**Activity**
Please restate word for word the line holding "T \<Longrightarrow> is_L_tromino" and every following line through the end of the entries.

**Recorded information**
◆ ◆ ◆

(* Let $k,l$ be positive integers and put $a=3k-2$, $b=3l-2$. For every cell $c$ of the Aztec rectangle $\mathcal{AR}_{a,b}$, the region $\mathcal{AR}_{a,b}$ with the single defect $c$ has a cover by L-trominoes, i.e. $\mathcal{AR}_{a,b}\setminus\{c\}$ can be partitioned into L-trominoes.
   Context: A cell is a unit square $[i,i+1]\times[j,j+1]$ with $i,j\in\mathbb{Z}$, labelled $(i,j)$. An L-tromino is a set of three cells equal to a $2\times 2$ block of cells with one cell removed. A defect is a cell of a region that must not be covered. A cover of a region $R$ with defect set $D$ is a set of pairwise disjoint L-trominoes, each contained in $R\setminus D$, whose union is $R\setminus D$. For positive integers $a,b$, the Aztec rectangle $\mathcal{AR}_{a,b}$ is (up to translation) the region consisting of the cells $(i,j)\in\mathbb{Z}^2$ with $0\le i+j\le 2b$ and $1\le j-i\le 2a+1$; it has $a$ cells along its southwestern side and $b$ cells along its northwestern side. *)

theory Defs
  imports Main
begin

type_synonym cell = "int \<times> int"

definition block2 :: "cell \<Rightarrow> cell set" where
  "block2 c = {(fst c, snd c), (fst c + 1, snd c), (fst c, snd c + 1), (fst c + 1, snd c + 1)}"

definition is_L_tromino :: "cell set \<Rightarrow> bool" where
  "is_L_tromino T \<longleftrightarrow> (\<exists>c d. d \<in> block2 c \<and> T = block2 c - {d})"

definition is_cover :: "cell set set \<Rightarrow> cell set \<Rightarrow> cell set \<Rightarrow> bool" where
  "is_cover \<T> R D \<longleftrightarrow>
     (\<forall>T\<in>\<T>. is_L_tromino T \<and> T \<subseteq> R - D) \<and>
     (\<forall>T1\<in>\<T>. \<forall>T2\<in>\<T>. T1 \<noteq> T2 \<longrightarrow> T1 \<inter> T2 = {}) \<and>
     \<Union>\<T> = R - D"

definition has_cover :: "cell set \<Rightarrow> cell set \<Rightarrow> bool" where
  "has_cover R D \<longleftrightarrow> (\<exists>\<T>. is_cover \<T> R D)"

definition aztec_rect :: "nat \<Rightarrow> nat \<Rightarrow> cell set" where
  "aztec_rect a b = {(i, j). 0 \<le> i + j \<and> i + j \<le> 2 * int b \<and> 1 \<le> j - i \<and> j - i \<le> 2 * int a + 1}"

end

theory Submission
  imports Defs
begin

text \<open>In the diagonal coordinates u = i + j, v = j - i the Aztec rectangle is an ordinary
  rectangle, and a box of u-extent 3 and v-extent 2 is exactly an L-tromino, so diagonal
  boxes of extents 3n by 2m are tileable. For u-extent 2b+1 with b = 3l+1, the rectangle of
  v-extent 2a+1 grows to v-extent 2a+7: place the defect in a suitable translate of the
  smaller rectangle and tile the two leftover boxes, of v-extents 2s and 6-2s. The mirror
  (i, j) \<mapsto> (-i-1, j) exchanges u and v, giving the growth in b. The starting point
  AR_{1,1} is a 2x2 block.\<close>

definition diag_box :: "int \<Rightarrow> int \<Rightarrow> int \<Rightarrow> int \<Rightarrow> cell set" where
  "diag_box u0 u1 v0 v1 = {(i, j). u0 \<le> i + j \<and> i + j \<le> u1 \<and> v0 \<le> j - i \<and> j - i \<le> v1}"

definition shifted_aztec :: "int \<Rightarrow> int \<Rightarrow> nat \<Rightarrow> nat \<Rightarrow> cell set" where
  "shifted_aztec p q a b = diag_box (2 * p) (2 * p + 2 * int b) (2 * q + 1) (2 * q + 2 * int a + 1)"

definition defect_coverable :: "cell set \<Rightarrow> bool" where
  "defect_coverable R \<longleftrightarrow> (\<forall>c\<in>R. has_cover R {c})"

lemma aztec_rect_eq_shifted_aztec: "aztec_rect a b = shifted_aztec 0 0 a b"
  unfolding aztec_rect_def shifted_aztec_def diag_box_def by simp

lemma has_cover_empty: "has_cover {} D"
  unfolding has_cover_def is_cover_def by (rule exI[of _ "{}"]) simp

lemma has_cover_L_tromino: "is_L_tromino T \<Longrightarrow> has_cover T {}"
  unfolding has_cover_def is_cover_def by (rule exI[of _ "{T}"]) simp

lemma is_L_tromino_block2_diff: "d \<in> block2 c \<Longrightarrow> is_L_tromino (block2 c - {d})"
  unfolding is_L_tromino_def by blast

lemma defect_coverable_block2: "defect_coverable (block2 c)"
  unfolding defect_coverable_def
proof
  fix d assume "d \<in> block2 c"
  then have "is_cover {block2 c - {d}} (block2 c) {d}"
    unfolding is_cover_def using is_L_tromino_block2_diff by blast
  then show "has_cover (block2 c) {d}"
    unfolding has_cover_def by blast
qed

lemma has_cover_Un:
  assumes "has_cover R1 D1" "has_cover R2 D2"
    and disj: "R1 \<inter> R2 = {}" and "D1 \<subseteq> R1" "D2 \<subseteq> R2"
  shows "has_cover (R1 \<union> R2) (D1 \<union> D2)"
proof -
  obtain \<T>1 \<T>2 where \<T>1: "is_cover \<T>1 R1 D1" and \<T>2: "is_cover \<T>2 R2 D2"
    using assms(1,2) unfolding has_cover_def by blast
  have sub1: "\<And>T. T \<in> \<T>1 \<Longrightarrow> is_L_tromino T \<and> T \<subseteq> R1 - D1"
    and disj1: "\<And>A B. A \<in> \<T>1 \<Longrightarrow> B \<in> \<T>1 \<Longrightarrow> A \<noteq> B \<Longrightarrow> A \<inter> B = {}"
    and un1: "\<Union>\<T>1 = R1 - D1"
    using \<T>1 unfolding is_cover_def by auto
  have sub2: "\<And>T. T \<in> \<T>2 \<Longrightarrow> is_L_tromino T \<and> T \<subseteq> R2 - D2"
    and disj2: "\<And>A B. A \<in> \<T>2 \<Longrightarrow> B \<in> \<T>2 \<Longrightarrow> A \<noteq> B \<Longrightarrow> A \<inter> B = {}"
    and un2: "\<Union>\<T>2 = R2 - D2"
    using \<T>2 unfolding is_cover_def by auto
  have "\<forall>T\<in>\<T>1 \<union> \<T>2. is_L_tromino T \<and> T \<subseteq> R1 \<union> R2 - (D1 \<union> D2)"
    using sub1 sub2 assms(3-5) by blast
  moreover have "\<forall>A\<in>\<T>1 \<union> \<T>2. \<forall>B\<in>\<T>1 \<union> \<T>2. A \<noteq> B \<longrightarrow> A \<inter> B = {}"
  proof (intro ballI impI)
    have cross: "A \<inter> B = {}" if "A \<in> \<T>1" "B \<in> \<T>2" for A B
      using sub1[OF that(1)] sub2[OF that(2)] disj by blast
    fix A B assume "A \<in> \<T>1 \<union> \<T>2" "B \<in> \<T>1 \<union> \<T>2" "A \<noteq> B"
    then show "A \<inter> B = {}"
      using disj1 disj2 cross[of A B] cross[of B A] by (metis Int_commute Un_iff)
  qed
  moreover have "\<Union>(\<T>1 \<union> \<T>2) = R1 \<union> R2 - (D1 \<union> D2)"
    using un1 un2 assms(3-5) by auto
  ultimately show ?thesis
    unfolding has_cover_def is_cover_def by blast
qed

lemma has_cover_image:
  assumes "inj f" and L: "\<And>T. is_L_tromino T \<Longrightarrow> is_L_tromino (f ` T)"
    and "has_cover R D"
  shows "has_cover (f ` R) (f ` D)"
proof -
  obtain \<T> where \<T>: "is_cover \<T> R D"
    using assms(3) unfolding has_cover_def by blast
  have "\<forall>T\<in>image f ` \<T>. is_L_tromino T \<and> T \<subseteq> f ` R - f ` D"
    using \<T> L unfolding is_cover_def by (auto simp: inj_eq[OF \<open>inj f\<close>])
  moreover have "\<forall>A\<in>image f ` \<T>. \<forall>B\<in>image f ` \<T>. A \<noteq> B \<longrightarrow> A \<inter> B = {}"
  proof (intro ballI impI)
    fix A B assume "A \<in> image f ` \<T>" "B \<in> image f ` \<T>" "A \<noteq> B"
    then obtain T1 T2 where "T1 \<in> \<T>" "T2 \<in> \<T>" "T1 \<noteq> T2" "A = f ` T1" "B = f ` T2"
      by blast
    then show "A \<inter> B = {}"
      using \<T> unfolding is_cover_def by (simp flip: image_Int[OF \<open>inj f\<close>])
  qed
  moreover have "\<Union> (image f ` \<T>) = f ` R - f ` D"
    using \<T> \<open>inj f\<close> unfolding is_cover_def by (simp flip: image_Union image_set_diff)
  ultimately show ?thesis
    unfolding has_cover_def is_cover_def by blast
qed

◆ ◆ ◆

**Answer space**
  assumes "inj f" and L: "\<And>T. is_L_tromino T \<Longrightarrow> is_L_tromino (f ` T)"
    and "has_cover R D"
  shows "has_cover (f ` R) (f ` D)"
proof -
  obtain \<T> where \<T>: "is_cover \<T> R D"
    using assms(3) unfolding has_cover_def by blast
  have "\<forall>T\<in>image f ` \<T>. is_L_tromino T \<and> T \<subseteq> f ` R - f ` D"
    using \<T> L unfolding is_cover_def by (auto simp: inj_eq[OF \<open>inj f\<close>])
  moreover have "\<forall>A\<in>image f ` \<T>. \<forall>B\<in>image f ` \<T>. A \<noteq> B \<longrightarrow> A \<inter> B = {}"
  proof (intro ballI impI)
    fix A B assume "A \<in> image f ` \<T>" "B \<in> image f ` \<T>" "A \<noteq> B"
    then obtain T1 T2 where "T1 \<in> \<T>" "T2 \<in> \<T>" "T1 \<noteq> T2" "A = f ` T1" "B = f ` T2"
      by blast
    then show "A \<inter> B = {}"
      using \<T> unfolding is_cover_def by (simp flip: image_Int[OF \<open>inj f\<close>])
  qed
  moreover have "\<Union> (image f ` \<T>) = f ` R - f ` D"
    using \<T> \<open>inj f\<close> unfolding is_cover_def by (simp flip: image_Union image_set_diff)
  ultimately show ?thesis
    unfolding has_cover_def is_cover_def by blast
qed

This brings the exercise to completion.